Setting the Transmit Ring Limit

One problem with this queuing mechanism is that, the bigger the FIFO queue on the interface, the longer the delay before packets at the end of this queue can be transmitted. This can cause severe performance problems for delay-sensitive traffic such as voice traffic.

The permanent virtual circuit (PVC) tx-ring-limit command enables you to reduce the size of the FIFO queue.

interface ATMx/y.z point-to-point
      ip address a.b.c.d M.M.M.M
      PVC A/B 
       TX-ring-limit 
       service-policy output test

The limit (x) you can specify here is either a number of packets (for Cisco 2600 and 3600 routers) or quantity of particles (for Cisco 7200 and 7500 routers).

Reducing the size of the transmit ring has two benefits:

It reduces the amount of time packets wait in the FIFO queue before being segmented.
It accelerates the use of the QoS in the IOS software.

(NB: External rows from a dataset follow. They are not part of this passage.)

(* Let $A\ne0$ be a real symmetric weighted adjacency matrix of a finite simple graph on $n$ vertices, and let $y\in\mathbb R$ satisfy $W_A(y)=\min\{W_A(x):\lambda_{\min}(A)^{-1}\le x\le\lambda_{\max}(A)^{-1}\}$. Then there exists $\boldsymbol u\in\mathbb R^n$ with $$|\boldsymbol u|^2=W_A(y),\qquad\langle\boldsymbol u,A\boldsymbol u\rangle=0,\qquad|\boldsymbol u|^2=\langle\boldsymbol 1,\boldsymbol u\rangle.$$
   Context: A weighted adjacency matrix is a real symmetric $A$ with $A_{ii}=0$ and $A_{ij}=0$ for non-adjacent $i\ne j$. $\boldsymbol 1$ is the all-ones vector. $W_A(x)=\sum_{\lambda\in\sigma(A)}\frac{\langle\boldsymbol 1,P_\lambda\boldsymbol 1\rangle}{1-\lambda x}$ with $P_\lambda$ the orthogonal eigenprojections of $A$, terms with $\langle\boldsymbol 1,P_\lambda\boldsymbol 1\rangle=0$ omitted, and value $+\infty$ at a pole. *)

theory Defs
  imports "HOL-Analysis.Analysis"
begin

definition weighted_adjacency :: "('n::finite \<Rightarrow> 'n \<Rightarrow> bool) \<Rightarrow> real^'n^'n \<Rightarrow> bool" where
  "weighted_adjacency E A \<longleftrightarrow>
     (\<forall>i j. E i j \<longrightarrow> E j i) \<and> (\<forall>i. \<not> E i i) \<and>
     transpose A = A \<and> (\<forall>i. A $ i $ i = 0) \<and>
     (\<forall>i j. i \<noteq> j \<and> \<not> E i j \<longrightarrow> A $ i $ j = 0)"

definition spec :: "real^'n^'n \<Rightarrow> real set" where
  "spec A = {l. \<exists>v. v \<noteq> 0 \<and> A *v v = l *\<^sub>R v}"

definition eigenspace :: "real^'n^'n \<Rightarrow> real \<Rightarrow> (real^'n) set" where
  "eigenspace A l = {v. A *v v = l *\<^sub>R v}"

definition orth_proj :: "(real^'n) set \<Rightarrow> real^'n \<Rightarrow> real^'n" where
  "orth_proj S x = (THE p. p \<in> S \<and> (\<forall>w\<in>S. (x - p) \<bullet> w = 0))"

definition spec_weight :: "real^'n^'n \<Rightarrow> real \<Rightarrow> real" where
  "spec_weight A l = vec 1 \<bullet> orth_proj (eigenspace A l) (vec 1)"

definition W :: "real^'n^'n \<Rightarrow> real \<Rightarrow> ereal" where
  "W A x = (let L = {l \<in> spec A. spec_weight A l \<noteq> 0} in
     if \<exists>l\<in>L. 1 - l * x = 0 then \<infinity>
     else ereal (\<Sum>l\<in>L. spec_weight A l / (1 - l * x)))"

definition lambda_min :: "real^'n^'n \<Rightarrow> real" where
  "lambda_min A = Min (spec A)"

definition lambda_max :: "real^'n^'n \<Rightarrow> real" where
  "lambda_max A = Max (spec A)"

end

theory Submission
  imports Defs
begin

text \<open>Write \<open>p\<^sub>\<lambda>\<close> for the component of \<open>\<one>\<close> in the \<open>\<lambda>\<close>-eigenspace of \<open>A\<close>, so that
  \<open>\<langle>\<one>, P\<^sub>\<lambda> \<one>\<rangle> = |p\<^sub>\<lambda>|\<^sup>2\<close>, and \<open>L\<close> for the eigenvalues with \<open>p\<^sub>\<lambda> \<noteq> 0\<close>. Away from the poles
  of \<open>W\<close>, the vector \<open>u(x) = \<Sum>\<^sub>\<lambda>\<^sub>\<in>\<^sub>L p\<^sub>\<lambda> / (1 - \<lambda>x)\<close> satisfies \<open>\<langle>\<one>, u\<rangle> = W(x)\<close>,
  \<open>\<langle>u, A u\<rangle> = W'(x)\<close> and \<open>|u|\<^sup>2 = W(x) + x W'(x)\<close>. Since \<open>A \<noteq> 0\<close> has zero diagonal, its quadratic
  form takes both signs, so \<open>\<lambda>\<^sub>m\<^sub>i\<^sub>n < 0 < \<lambda>\<^sub>m\<^sub>a\<^sub>x\<close> and \<open>0\<close> lies in the interval; hence a minimiser
  \<open>x\<close> of \<open>W\<close> is not a pole. Either \<open>W'(x) = 0\<close> and \<open>u(x)\<close> itself works, or \<open>x = 1/\<mu>\<close> is an
  endpoint with \<open>x W'(x) \<le> 0\<close>. In the latter case \<open>\<mu> \<notin> L\<close> (otherwise \<open>x\<close> would be a pole), so
  a unit \<open>\<mu>\<close>-eigenvector \<open>v\<close> is orthogonal to \<open>\<one>\<close> and to \<open>u(x)\<close>, and \<open>u(x) + t v\<close> with
  \<open>t\<^sup>2 = - x W'(x)\<close> works.\<close>

lemma symmetric_matrix_inner:
  fixes A :: "real^'n^'n"
  assumes "transpose A = A"
  shows "(A *v x) \<bullet> y = x \<bullet> (A *v y)"
  by (metis assms dot_lmul_matrix vector_transpose_matrix)

lemma matrix_vector_mult_uminus: "(- A) *v x = - (A *v (x::real^'n))"
  by (simp add: matrix_vector_mult_def vec_eq_iff sum_negf)

lemma matrix_vector_mult_sum: "A *v (\<Sum>i\<in>I. f i) = (\<Sum>i\<in>I. A *v (f i::real^'n))"
  using linear_sum[OF matrix_vector_mul_linear] by blast

lemma transpose_uminus: "transpose (- A) = - transpose (A::real^'n^'n)"
  by (simp add: transpose_def vec_eq_iff)

lemma eigenvectors_orthogonal:
  fixes A :: "real^'n^'n"
  assumes "transpose A = A" "A *v v = l *\<^sub>R v" "A *v w = k *\<^sub>R w" "l \<noteq> k"
  shows "v \<bullet> w = 0"
proof -
  have "l * (v \<bullet> w) = (A *v v) \<bullet> w" using assms(2) by simp
  also have "\<dots> = v \<bullet> (A *v w)" by (rule symmetric_matrix_inner[OF assms(1)])
  also have "\<dots> = k * (v \<bullet> w)" using assms(3) by simp
  finally show ?thesis using assms(4) by simp
qed

lemma finite_spec_symmetric:
  fixes A :: "real^'n^'n"
  assumes "transpose A = A"
  shows "finite (spec A)"
proof (rule ccontr)
  assume "infinite (spec A)"
  then obtain F where F: "F \<subseteq> spec A" "finite F" "card F = Suc CARD('n)"
    using infinite_arbitrarily_large by blast
  define e where "e = (\<lambda>l. SOME v. v \<noteq> 0 \<and> A *v v = l *\<^sub>R v)"
  have e: "e l \<noteq> 0" "A *v e l = l *\<^sub>R e l" if "l \<in> F" for l
    using someI_ex[of "\<lambda>v. v \<noteq> 0 \<and> A *v v = l *\<^sub>R v"] that F(1)
    unfolding spec_def e_def by blast+
  have "inj_on e F"
    by (rule inj_onI) (metis e scaleR_cancel_right)
  moreover have "independent (e ` F)"
  proof (rule pairwise_orthogonal_independent)
    show "pairwise orthogonal (e ` F)"
      unfolding pairwise_def orthogonal_def
      by (metis e(2) eigenvectors_orthogonal[OF assms] imageE)
    show "0 \<notin> e ` F" using e(1) by auto
  qed
  then have "card (e ` F) \<le> CARD('n)"
    using independent_bound by fastforce
  ultimately show False using F(3) card_image by fastforce
qed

Impact of the Transmit Ring Limit

Let's look at the impact of the transmit ring limit using the setup shown in our network diagram above. We can assume the following:

The traffic generator is sending traffic (1500 byte packets) to the sink device, and this traffic is overloading the PVC 0/102 between router1 and router2.
Router3 tries to ping router1.
CBWFQ is enabled on router 2.

Now let's look at two configurations using different transmit ring limits in order to see the impact this has.

Example A

In this example, we have set the transmit ring to three (TX-ring-limit=3). Here is what we see when we ping router1 from router3.

POUND#ping ip
     Target IP address: 6.6.6.6
     Repeat count [5]: 100000
     Datagram size [100]: 
     Timeout in seconds [2]: 
     Extended commands [n]: 
     Sweep range of sizes [n]: 
     Type escape sequence to abort.
     Sending 100000, 100-byte ICMP Echos to 6.6.6.6, timeout is 2 seconds:
     !!!!!!!!!!!!!!!!!!!!!!!!!!!!!!!!!!!!!!!!!!!!!!!!!!!!!!!!!!!!!!!!!!!!!!
     !!!!!!!!!!!!!!!!!!!!!!!!!!!!!!!!!!!!!!!!!!!!!!!!!!!!!!!!!!!!!!!!!!!!!!
     !!!!!!!!!!!!!!!!!!!!!!!!!!!!!!!!!!!!!!!!!!!!!!!!!!!!!!!!!!!!!!!!!!!!!!
     !!!!!!!!!!!!!!!!!!!!!!!!!!!!!!!!!!!!!!!!!!!!!!!!!!!!!!!!!!!!!!!!!!!!!!
     !!!!!!!!!!!!!!!!!!!!!!!!!!!!!!!!!!!!!!!!!!!!!!!!!!!!!!!!!!!!!!!!!!!!!!
     !!!!!!!!!!!!!!!!!!!!!!!!!!!!!!!!!!!!!!!!!!!!!!!!!!!!!!!!!!!!!!!!!!!!!!
     !!!!!!!!!!!!!!!!!!!!!!!!!!!!!!!!!!!!!!!!!!!!!!!!!!!!!!!!!!!!!!!!!!!!!!
     !!!!!!!!!!!!!!!!!!!!!!!!!!!!!!!!!!!!!!!!!!!!!!!!!!!![snip]
     Success rate is 98 percent (604/613), round-trip min/avg/max = 164/190/232 ms

Example B

In this example, we have set the transmit ring to 40 (TX-ring-limit=40). Here is what we see when we use the same ping as in Example A:

POUND#ping ip
     Target IP address: 6.6.6.6
     Repeat count [5]: 10000
     Datagram size [100]: 36
     Timeout in seconds [2]: 10
     Extended commands [n]: 
     Sweep range of sizes [n]: 
     Type escape sequence to abort.
     Sending 10000, 36-byte ICMP Echos to 6.6.6.6, timeout is 10 seconds:
     !!!!!!!!!!!!.
     Success rate is 92 percent (12/13), round-trip min/avg/max = 6028/6350/6488

As you can see here, the bigger the transmit ring limit, the bigger the ping round-trip time (RTT). We can deduce from this that a large transmit ring limit can lead to significant delays in transmission.

How CBWFQ Works

Now that we have seen the impact of the size of the hardware FIFO queue, let's see exactly how CBWFQ works.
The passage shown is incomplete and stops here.